# dry suit for winter wading??



## Old Dead River (Jan 31, 2015)

unless I am wading in a place where I know absolutely every nook and cranny in the bottom and drop off etc I will no longer be wading in chest waders in late winter early spring. It's just too risky. I've been doing some research and it seems that there are people that are wearing these dry suits which are different than wet suits in that they keep the water out.
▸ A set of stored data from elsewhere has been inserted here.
(* Let $f\in\mathbb{Z}_2[x]$. Let $\sigma$ be a cycle of $f_n$ ($n\ge1$) that grows, and suppose that some cycle $\tau$ of $f_m$, $m>n$, lying above $\sigma$ also grows (the cycles lying above $\sigma$ at intermediate levels may split). Then every cycle lying above $\tau$, at every level $>m$, grows; i.e. $\tau$ grows forever.
   Context: $f_n$ is the induced map on $\mathbb{Z}/2^n\mathbb{Z}$, $f_n(x\bmod 2^n)=f(x)\bmod 2^n$. A $k$-cycle of $f_n$ is a tuple $\sigma=(x_1,\dots,x_k)$ of distinct elements with $f_n(x_i)=x_{i+1}$, $f_n(x_k)=x_1$. A cycle $\tau$ of $f_m$, $m\ge n$, lies above $\sigma$ if every point of $\tau$ reduces mod $2^n$ into $\sigma$. The lifts of $\sigma$ are the cycles of $f_{n+1}$ in $\{y:y\bmod 2^n\in\sigma\}$; $\sigma$ grows if this set is a single cycle of length $2k$ and splits if it is the union of two cycles of length $k$. *)

theory Defs
  imports Main
begin

text \<open>2-adic integers as the inverse limit of the rings Z/2^n Z: a 2-adic integer is a
  compatible sequence of residues a n in {0..<2^n}.\<close>
definition is_Z2 :: "(nat \<Rightarrow> int) \<Rightarrow> bool" where
  "is_Z2 a \<longleftrightarrow> (\<forall>n. 0 \<le> a n \<and> a n < 2 ^ n) \<and> (\<forall>n. a (Suc n) mod 2 ^ n = a n)"

text \<open>A polynomial in Z_2[x] is a list of 2-adic coefficients (constant term first).\<close>
definition is_Z2_poly :: "(nat \<Rightarrow> int) list \<Rightarrow> bool" where
  "is_Z2_poly cs \<longleftrightarrow> (\<forall>c\<in>set cs. is_Z2 c)"

definition fmap :: "(nat \<Rightarrow> int) list \<Rightarrow> nat \<Rightarrow> int \<Rightarrow> int" where
  "fmap cs n x = (\<Sum>i<length cs. (cs ! i) n * x ^ i) mod 2 ^ n"

definition is_cycle :: "(nat \<Rightarrow> int) list \<Rightarrow> nat \<Rightarrow> int set \<Rightarrow> bool" where
  "is_cycle cs n S \<longleftrightarrow> (\<exists>x. 0 \<le> x \<and> x < 2 ^ n \<and> (\<exists>k>0. (fmap cs n ^^ k) x = x)
       \<and> S = {(fmap cs n ^^ i) x | i. True})"

definition lies_above :: "(nat \<Rightarrow> int) list \<Rightarrow> nat \<Rightarrow> int set \<Rightarrow> nat \<Rightarrow> int set \<Rightarrow> bool" where
  "lies_above cs n S m T \<longleftrightarrow> n \<le> m \<and> is_cycle cs m T \<and> (\<forall>y\<in>T. y mod 2 ^ n \<in> S)"

definition lift_set :: "nat \<Rightarrow> int set \<Rightarrow> int set" where
  "lift_set n S = {y. 0 \<le> y \<and> y < 2 ^ Suc n \<and> y mod 2 ^ n \<in> S}"

definition grows :: "(nat \<Rightarrow> int) list \<Rightarrow> nat \<Rightarrow> int set \<Rightarrow> bool" where
  "grows cs n S \<longleftrightarrow> is_cycle cs (Suc n) (lift_set n S) \<and> card (lift_set n S) = 2 * card S"

end

(*
  Replace f by an integer polynomial F that agrees with f modulo 2^N for the levels in question.
  If a point x returns after P steps with (F^P)(x) = x + h, Taylor expansion of F^P gives
  (F^(2P))(x) = x + h (1 + D) mod h^2, where D = (F^P)'(x) is the product of the values of F'
  along the orbit, and D mod 4 only depends on x mod 2.

  Growth of sigma (period k at level n, period 2k at level n+1, n >= 1) forces h(1 + D) to vanish
  modulo 2^(n+1) with h = 2^n b, b odd; hence D is odd and (F^(2k))'(x) = D^2 = 1 mod 4. The period
  K of tau is a multiple of 2k, so (F^K)'(x) = 1 mod 4 as well, and growth of tau means
  (F^K)(x) = x + 2^m b with b odd. With m >= 2 and derivative 1 mod 4 these two properties
  reproduce themselves when K is doubled and m raised by one. Hence at every level m + e the
  point x has period 2^e K, so its orbit fills all 2^e K residues lying above tau: a cycle above
  tau is this whole set, and its lift is again a single cycle.
*)

theory Submission
  imports Defs "HOL-Number_Theory.Cong" "HOL-Computational_Algebra.Polynomial"
begin

section \<open>Periodic points\<close>

abbreviation forward_orbit :: "('a \<Rightarrow> 'a) \<Rightarrow> 'a \<Rightarrow> 'a set" where
  "forward_orbit h x \<equiv> {(h ^^ i) x | i. True}"

definition min_period :: "('a \<Rightarrow> 'a) \<Rightarrow> 'a \<Rightarrow> nat \<Rightarrow> bool" where
  "min_period h x p \<longleftrightarrow>
    p > 0 \<and> (h ^^ p) x = x \<and> (\<forall>i. 0 < i \<and> i < p \<longrightarrow> (h ^^ i) x \<noteq> x)"

lemma min_period_pos: "min_period h x p \<Longrightarrow> 0 < p"
  and min_period_fixpoint: "min_period h x p \<Longrightarrow> (h ^^ p) x = x"
  and min_period_minimal:
    "min_period h x p \<Longrightarrow> 0 < i \<Longrightarrow> i < p \<Longrightarrow> (h ^^ i) x \<noteq> x"
  unfolding min_period_def by blast+

lemma min_period_exists:
  assumes "(h ^^ q) x = x" "q > 0"
  shows "\<exists>p. min_period h x p"
proof -
  let ?P = "\<lambda>p. p > 0 \<and> (h ^^ p) x = x"
  have "?P (LEAST p. ?P p)" by (rule LeastI[of ?P q]) (use assms in auto)
  moreover have "\<forall>i. 0 < i \<and> i < (LEAST p. ?P p) \<longrightarrow> (h ^^ i) x \<noteq> x"
    using not_less_Least[of _ ?P] by blast
  ultimately show ?thesis unfolding min_period_def by blast
qed

lemma funpow_mult_fixpoint: "(h ^^ p) x = x \<Longrightarrow> (h ^^ (p * c)) x = x"
  by (induction c) (simp_all add: funpow_add)

lemma min_period_funpow_mod:
  assumes "min_period h x p"
  shows "(h ^^ a) x = (h ^^ (a mod p)) x"
proof -
  have "(h ^^ (p * (a div p))) x = x"
    using min_period_fixpoint[OF assms] by (rule funpow_mult_fixpoint)
  moreover have "(h ^^ a) x = (h ^^ (a mod p + p * (a div p))) x" by simp
  ultimately show ?thesis by (simp only: funpow_add comp_apply)
qed

lemma min_period_funpow_eq_iff:
  assumes "min_period h x p"
  shows "(h ^^ a) x = x \<longleftrightarrow> p dvd a"
proof
  assume "(h ^^ a) x = x"
  then have "(h ^^ (a mod p)) x = x" by (simp only: min_period_funpow_mod[OF assms, of a, symmetric])
  moreover have "a mod p < p" using min_period_pos[OF assms] by simp
  ultimately have "\<not> 0 < a mod p" using min_period_minimal[OF assms, of "a mod p"] by auto
  then show "p dvd a" by (simp add: dvd_eq_mod_eq_0)
next
  assume "p dvd a"
  then have "(h ^^ (a mod p)) x = x" by simp
  then show "(h ^^ a) x = x" by (simp only: min_period_funpow_mod[OF assms, of a])
qed

lemma forward_orbit_min_period:
  assumes "min_period h x p"
  shows "forward_orbit h x = (\<lambda>i. (h ^^ i) x) ` {..<p}"
proof (intro equalityI subsetI)
  fix z assume "z \<in> forward_orbit h x"
  then obtain i where "z = (h ^^ i) x" by blast
  then have "z = (h ^^ (i mod p)) x" using min_period_funpow_mod[OF assms, of i] by (rule trans)
  moreover have "i mod p < p" using min_period_pos[OF assms] by simp
  ultimately show "z \<in> (\<lambda>i. (h ^^ i) x) ` {..<p}" by blast
qed blast

lemma card_forward_orbit:
  assumes "min_period h x p"
  shows "card (forward_orbit h x) = p"
proof -
  have "inj_on (\<lambda>i. (h ^^ i) x) {..<p}"
  proof (rule inj_onI)
    have neq: "(h ^^ i) x \<noteq> (h ^^ j) x" if "i < j" "j < p" for i j
    proof
      assume eq: "(h ^^ i) x = (h ^^ j) x"
      have "(h ^^ (p - j + i)) x = (h ^^ (p - j)) ((h ^^ j) x)"
        using eq by (simp only: funpow_add comp_apply)
      also have "\<dots> = (h ^^ p) x" using that funpow_add[of "p - j" j h] by simp
      also have "\<dots> = x" using min_period_fixpoint[OF assms] .
      finally have "p dvd p - j + i" using min_period_funpow_eq_iff[OF assms] by simp
      with that show False by (auto dest: dvd_imp_le)
    qed
    fix i j assume "i \<in> {..<p}" "j \<in> {..<p}" "(h ^^ i) x = (h ^^ j) x"
    then show "i = j"
      using neq[of i j] neq[of j i] by (cases i j rule: linorder_cases) auto
  qed
  then show ?thesis unfolding forward_orbit_min_period[OF assms] by (simp add: card_image)
qed

lemma funpow_commute: "(h ^^ a) ((h ^^ b) x) = (h ^^ b) ((h ^^ a) x)"
proof -
  have "(h ^^ a) ((h ^^ b) x) = (h ^^ (a + b)) x" by (simp only: funpow_add comp_apply)
  also have "\<dots> = (h ^^ (b + a)) x" by (simp only: add.commute)
  also have "\<dots> = (h ^^ b) ((h ^^ a) x)" by (simp only: funpow_add comp_apply)
  finally show ?thesis .
qed

lemma min_period_forward_orbit_point:
  assumes "min_period h x p" and "y \<in> forward_orbit h x"
  shows "min_period h y p" and "forward_orbit h y = forward_orbit h x"
proof -
  have "y \<in> (\<lambda>i. (h ^^ i) x) ` {..<p}"
    using assms(2) unfolding forward_orbit_min_period[OF assms(1)] .
  then obtain i where "i < p" and y: "y = (h ^^ i) x" by blast
  define r where "r = p - i"
  have "(h ^^ (r + i)) x = x"
    using \<open>i < p\<close> min_period_fixpoint[OF assms(1)] unfolding r_def by simp
  then have return_to_x: "(h ^^ r) y = x" unfolding y by (simp only: funpow_add comp_apply)
  have "(h ^^ a) y = y \<longleftrightarrow> (h ^^ a) x = x" for a
  proof
    have "(h ^^ a) x = (h ^^ r) ((h ^^ a) y)"
      unfolding return_to_x[symmetric] by (rule funpow_commute)
    then show "(h ^^ a) y = y \<Longrightarrow> (h ^^ a) x = x" using return_to_x by simp
    have "(h ^^ a) y = (h ^^ i) ((h ^^ a) x)" unfolding y by (rule funpow_commute)
    then show "(h ^^ a) x = x \<Longrightarrow> (h ^^ a) y = y" using y by simp
  qed
  then show "min_period h y p" using assms(1) unfolding min_period_def by presburger
  have "(h ^^ j) y = (h ^^ (j + i)) x" for j
    unfolding y by (simp only: funpow_add comp_apply)
  moreover have "(h ^^ j) x = (h ^^ (j + r)) y" for j
    unfolding return_to_x[symmetric] by (simp only: funpow_add comp_apply)
  ultimately show "forward_orbit h y = forward_orbit h x" by blast
qed

section \<open>Taylor expansion of polynomials to first order\<close>

lemma poly_taylor_dvd:
  fixes p :: "'a::idom poly"
  shows "h\<^sup>2 dvd poly p (x + h) - poly p x - h * poly (pderiv p) x"
proof (induction p)
  case 0
  show ?case by simp
next
  case (pCons a p)
  obtain q where "poly p (x + h) - poly p x - h * poly (pderiv p) x = h\<^sup>2 * q"
    using pCons.IH by (elim dvdE)
  then have q: "poly p (x + h) = poly p x + h * poly (pderiv p) x + h\<^sup>2 * q"
    by (simp add: algebra_simps)
  have "poly (pCons a p) (x + h) - poly (pCons a p) x - h * poly (pderiv (pCons a p)) x
      = h\<^sup>2 * (x * q + poly (pderiv p) x + h * q)"
    unfolding poly_pCons pderiv_pCons poly_add q by (simp add: algebra_simps power2_eq_square)
  then show ?case by simp
qed

lemma pderiv_pderiv_even:
  fixes p :: "'a::idom poly"
  shows "\<exists>q. pderiv (pderiv p) = smult 2 q"
proof (induction p)
  case 0
  show ?case by simp
next
  case (pCons a p)
  obtain q where q: "pderiv (pderiv p) = smult 2 q" using pCons.IH by blast
  have smult_2: "smult 2 r = r + r" for r :: "'a poly"
    by (metis mult_2 numeral_mult_conv_smult)
  have "pderiv (pderiv (pCons a p)) = smult 2 (pderiv p + pCons 0 q)"
    unfolding pderiv_pCons pderiv_add q smult_add_right smult_pCons mult_zero_right smult_2
    by (simp add: add.assoc)
  then show ?case by blast
qed

lemma poly_pderiv_cong_mod_4:
  fixes p :: "int poly"
  shows "[poly (pderiv p) (x + 2 * d) = poly (pderiv p) x] (mod 4)"
proof -
  obtain q where q: "pderiv (pderiv p) = smult 2 q" using pderiv_pderiv_even by blast
  have "4 dvd (2 * d)\<^sup>2" by (simp add: power_mult_distrib)
  then have "4 dvd poly (pderiv p) (x + 2 * d) - poly (pderiv p) x - 2 * d * poly (pderiv (pderiv p)) x"
    using poly_taylor_dvd by (rule dvd_trans)
  then have "4 dvd poly (pderiv p) (x + 2 * d) - poly (pderiv p) x - 4 * (d * poly q x)"
    by (simp add: q algebra_simps)
  then have "4 dvd poly (pderiv p) (x + 2 * d) - poly (pderiv p) x"
    by (metis diff_add_cancel dvd_add dvd_triv_left)
  then show ?thesis by (simp add: cong_iff_dvd_diff)
qed

lemma poly_cong:
  fixes p :: "int poly"
  shows "[x = y] (mod M) \<Longrightarrow> [poly p x = poly p y] (mod M)"
  by (induction p) (auto intro: cong_add cong_mult)

section \<open>Iterates of an integer polynomial\<close>

lemma odd_square_cong_1_mod_4: "odd (a::int) \<Longrightarrow> [a * a = 1] (mod 4)"
  by (auto elim!: oddE simp: cong_iff_dvd_diff algebra_simps)

lemma cong_exact_power_2_iff:
  fixes a b :: int
  shows "[a = b] (mod 2 ^ j) \<and> \<not> [a = b] (mod 2 ^ Suc j) \<longleftrightarrow>
    (\<exists>c. a = b + 2 ^ j * c \<and> odd c)"
proof
  assume cong: "[a = b] (mod 2 ^ j) \<and> \<not> [a = b] (mod 2 ^ Suc j)"
  obtain c where c: "a = b + 2 ^ j * c"
    using cong_sym[of a b "2 ^ j"] cong by (auto simp: cong_iff_lin)
  with cong have "odd c" by (auto simp: cong_iff_dvd_diff)
  with c show "\<exists>c. a = b + 2 ^ j * c \<and> odd c" by blast
next
  assume "\<exists>c. a = b + 2 ^ j * c \<and> odd c"
  then show "[a = b] (mod 2 ^ j) \<and> \<not> [a = b] (mod 2 ^ Suc j)"
    by (auto simp: cong_iff_dvd_diff)
qed

text \<open>The derivative of the i-th iterate of poly p at x, by the chain rule.\<close>
definition iterate_deriv :: "int poly \<Rightarrow> nat \<Rightarrow> int \<Rightarrow> int" where
  "iterate_deriv p i x = (\<Prod>l<i. poly (pderiv p) ((poly p ^^ l) x))"

context
  fixes p :: "int poly"
begin

lemma iterate_deriv_0 [simp]: "iterate_deriv p 0 x = 1"
  by (simp add: iterate_deriv_def)

lemma iterate_deriv_Suc: "iterate_deriv p (Suc i) x = poly (pderiv p) ((poly p ^^ i) x) * iterate_deriv p i x"
  by (simp add: iterate_deriv_def mult.commute)

lemma iterate_deriv_add:
  "iterate_deriv p (a + b) x = iterate_deriv p b ((poly p ^^ a) x) * iterate_deriv p a x"
proof (induction b)
  case 0
  show ?case by simp
next
  case (Suc b)
  have "(poly p ^^ (a + b)) x = (poly p ^^ b) ((poly p ^^ a) x)"
    by (simp only: add.commute[of a b] funpow_add comp_apply)
  then show ?case using Suc by (simp add: iterate_deriv_Suc)
qed

lemma funpow_poly_cong: "[x = y] (mod M) \<Longrightarrow> [(poly p ^^ i) x = (poly p ^^ i) y] (mod M)"
  by (induction i) (simp_all add: poly_cong)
Anyone have any recommendations? I know gore-tex make a new one this breathable but that's too rich for my blood


----------



## fish hawk (Feb 1, 2015)

Old Dead River said:


> unless I am wading in a place where I know absolutely every nook and cranny in the bottom and drop off etc I will no longer be wading in chest waders in late winter early spring. It's just too risky. I've been doing some research and it seems that there are people that are wearing these dry suits which are different than wet suits in that they keep the water out.
> 
> Anyone have any recommendations? I know gore-tex make a new one this breathable but that's too rich for my blood



No such thing as a cheap dry suit, you could however get a 7 mm wet suit,not cheap either.You do know they make wading belts?That coupled with a life jacket should keep you safer while wearing waders.


----------



## Trout4me (Feb 1, 2015)

*Wading*

ODR,

+1 on drysuit cost.
For the price of a drysuit you could join the kayak ranks.
...but a few other options:
Do wear a PFD and a belt around your waders.
When wading in a stream, I often use a wading stick to check before stepping.
Float tubes work great and you don't have to worry about stepping in a hole.

If you can get to shore or your car to dry and maybe change clothes...you should be ok.  Being wet in a cold environment for extended time is the danger.  A lot of people also don't realize that often there is an involuntary gasp when dunked in cold water.  Many drownings are not just from hypothermia.  Wear a PFD even if you go with a dry suit.

Jim


----------



## Old Dead River (Feb 1, 2015)

I found a good dry suit for a reasonable.price I think ill take the plunge soon. Im also in the market for a used yak


----------



## WinMag.300 (Feb 2, 2015)

*waders...+*

Waders plus a good dry top= dry as a bone.  You can literally swim across the river in waders in this combo.


----------



## northgeorgiasportsman (Feb 5, 2015)

I can't help it.  You just bring it out in me.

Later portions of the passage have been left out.